A visão do professor é o princípio do ensino, mas o próprio ensino consiste mais na transfusão do conhecimento das coisas vistas do que em sua visão. Daí que a visão do professor pertença mais à contemplação do que à ação. Aquino ainda continua afirmando que,

a vida contemplativa é o princípio do ensino, como o calor não é o esquentar, mas o princípio do esquentar. Ora, a vida contemplativa é o princípio da vida ativa, enquanto a dirige, como ao contrário: a vida ativa dispõe da contemplativa (ibdem, 62).

Utilizando o método do diálogo, anunciando sua tese, dando voz ao adversário, contestando e posteriormente apontando soluções, Aquino demonstra sua visão de mundo, sua vontade inovadora sobre o mesmo, tendo como instrumento a educação que, para ele, é feita de forma teórica e prática. Assim, aqui é valorizado tanto o trabalho manual como parte do exercício do pensamento.

Vale aqui esclarecer a marcante oposição entre o pensamento da patrística e o de Aquino, que na idade média dão continuidade a oposição estabelecida na Grécia clássica, entre as idéias essencialista socrático-platônico, e as existencialista epicurista-aristotélico.

O primeiro, direciona ao entendimento de que o fenômeno da aprendizagem não depende da atividade do homem, mas sim, da contemplação em busca do auto- conhecimento como o encontro com sua essência, por meio da reflexão.
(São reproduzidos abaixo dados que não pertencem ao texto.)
(* There exists a probabilistic database that has the finite moments property but is not in $\mathsf{FO}(\mathsf{TI})$.
   Context: Fix a countably infinite universe $U$. A database schema $\tau$ is a finite nonempty set of relation symbols with arities; a $\tau$-fact is an expression $R(u_1,\dots,u_{\mathrm{ar}(R)})$ with $R\in\tau$, $u_i\in U$; a $\tau$-instance is a finite set of $\tau$-facts, and $\mathrm{adom}(D)$ is the set of elements of $U$occurring in $D$. A probabilistic database (PDB) of schema $\tau$ is a discrete probability space $(\mathbb{D},P)$ where $\mathbb{D}$ is a nonempty countable set of $\tau$-instances. The instance size is the random variable $D\mapsto |D|$ (number of facts). A PDB has the finite moments property if $\mathbb{E}(|\cdot|^k)=\sum_{D\in\mathbb{D}}|D|^kP(\{D\})<\infty$ for all $k\in\mathbb{N}_+$. A PDB $\mathcal{I}$ is tuple-independent (TI) if for all $k$ and all pairwise distinct facts $f_1,\dots,f_k$, $\Pr_{I\sim\mathcal I}(f_1\in I,\dots,f_k\in I)=\prod_i\Pr_{I\sim\mathcal I}(f_i\in I)$; $\mathsf{TI}$ is the class of all TI-PDBs. A view $V$ maps instances of an input schema to instances of an output schema; the image of a PDB $(\mathbb D,P)$ under $V$ is the PDB on $V(\mathbb D)$ with $P'(\{D'\})=P(\{D\in\mathbb D: V(D)=D'\})$. An FO-view consists of one first-order formula $\Phi_R(x_1,\dots,x_{\mathrm{ar}(R)})$ (constants from $U$ allowed) per output relation symbol $R$, evaluated under active domain semantics: quantifiers range over $\mathrm{adom}(D)$ together with the constants of the formula, and the output contains $R(\bar a)$ exactly for the tuples $\bar a$ over this set with $D\models\Phi_R[\bar a]$. $\mathsf{FO}(\mathsf{TI})$ is the class of images of TI-PDBs under FO-views. *)

theory Defs
  imports "HOL-Probability.Probability"
begin

text \<open>Universe U: the natural numbers (a fixed countably infinite set).
  Relation symbols are named by natural numbers; a schema maps each of its
  (finitely many, at least one) relation symbols to its arity.\<close>

type_synonym schema = "nat \<rightharpoonup> nat"
type_synonym fact = "nat \<times> nat list"  (* R(u_1,...,u_k) as (R, [u_1,...,u_k]) *)
type_synonym db_instance = "fact set"

definition schema :: "schema \<Rightarrow> bool" where
  "schema \<tau> \<longleftrightarrow> finite (dom \<tau>) \<and> dom \<tau> \<noteq> {}"

definition is_fact :: "schema \<Rightarrow> fact \<Rightarrow> bool" where
  "is_fact \<tau> f \<longleftrightarrow> \<tau> (fst f) = Some (length (snd f))"

definition is_instance :: "schema \<Rightarrow> db_instance \<Rightarrow> bool" where
  "is_instance \<tau> D \<longleftrightarrow> finite D \<and> (\<forall>f\<in>D. is_fact \<tau> f)"

definition adom :: "db_instance \<Rightarrow> nat set" where
  "adom D = (\<Union>f\<in>D. set (snd f))"

definition pdb :: "schema \<Rightarrow> db_instance pmf \<Rightarrow> bool" where
  "pdb \<tau> P \<longleftrightarrow> schema \<tau> \<and> (\<forall>D\<in>set_pmf P. is_instance \<tau> D)"
(* Let $c:\mathcal J\to\mathbb Q$ be a consistent map. Then $\Phi_c(\pi(r))=\Omega(r)$ for all $r\in\mathbb Q^\times$ (i.e., $\Phi_c$ extends $\Omega$) if and only if $c(\mathbb Q,p)=-1$ for every non-Archimedean place (prime) $p$ of $\mathbb Q$.
   Context: Let $\overline{\mathbb Q}$ be an algebraic closure of $\mathbb Q$, $A$ the ring of algebraic integers, $\mathcal S=\overline{\mathbb Q}^\times/A^\times$ (a $\mathbb Q$-vector space, written multiplicatively with scalar action $\alpha\mapsto\alpha^r$), and $\pi:\overline{\mathbb Q}^\times\to\mathcal S$ the canonical map. $\Omega:\mathbb Q^\times\to\mathbb Z$ is the unique group homomorphism with $\Omega(p)=1$ for every prime $p$ (and $\Omega(-1)=0$), which is well defined on $\pi(\mathbb Q^\times)$. For a number field $K$ and non-Archimedean place $v$ of $K$, $p_v$ is the prime below $v$, $K_v$ the completion, and $\|\cdot\|_v$ the extension to $K_v$ of the $p_v$-adic absolute value on $\mathbb Q_{p_v}$. Let $\mathcal H_K=\pi(K^\times)$, $\mathcal S_K=\{\alpha\in\mathcal S:\alpha^n\in\mathcal H_K\text{ for some }n\in\mathbb N\}$, and $\|\alpha\|_v=\|\alpha^n\|_v^{1/n}$ for $\alpha\in\mathcal S_K$ with $\alpha^n\in\mathcal H_K$. Let $\mathcal J=\{(K,v)\}$ be the set of pairs of a number field and a non-Archimedean place of it. A map $c:\mathcal J\to\mathbb Q$ is consistent if $c(K,v)=\sum_{w\mid v}c(L,w)$ for all number fields $K$, finite extensions $L/K$ and non-Archimedean places $v$ of $K$. For consistent $c$, $\Phi_c:\mathcal S\to\mathbb Q$ is $\Phi_c(\alpha)=\sum_{v}\frac{c(K,v)}{\log p_v}\log\|\alpha\|_v$ over non-Archimedean places of any number field $K$ with $\alpha\in\mathcal S_K$ (independent of $K$). *)

theory Defs
  imports "HOL-Computational_Algebra.Computational_Algebra"
begin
E o segundo, em oposição a patrística defende a idéia de que a aprendizagem não é fruto só da contemplação, mas sim do caráter ativo em consonância com o contemplativo, por intermédio dos órgãos do sentido. Onde a aprendizagem não é gratuita vindo da alma. Mas sim, fruto da experiência do homem no meio em que vive. Diante dessa visão da aprendizagem, conclui-se que o ensino não acontece somente por meio da fala, mas também por intermédio da ação.

Conforme as analises ora realizadas, torna-se evidente que no decorrer da historia das teorias do ensino e aprendizagem até então não predomina uma direção filosófica, mas

sim, é afirmada uma contradição de pensamentos onde um busca se impor em negação ao outro.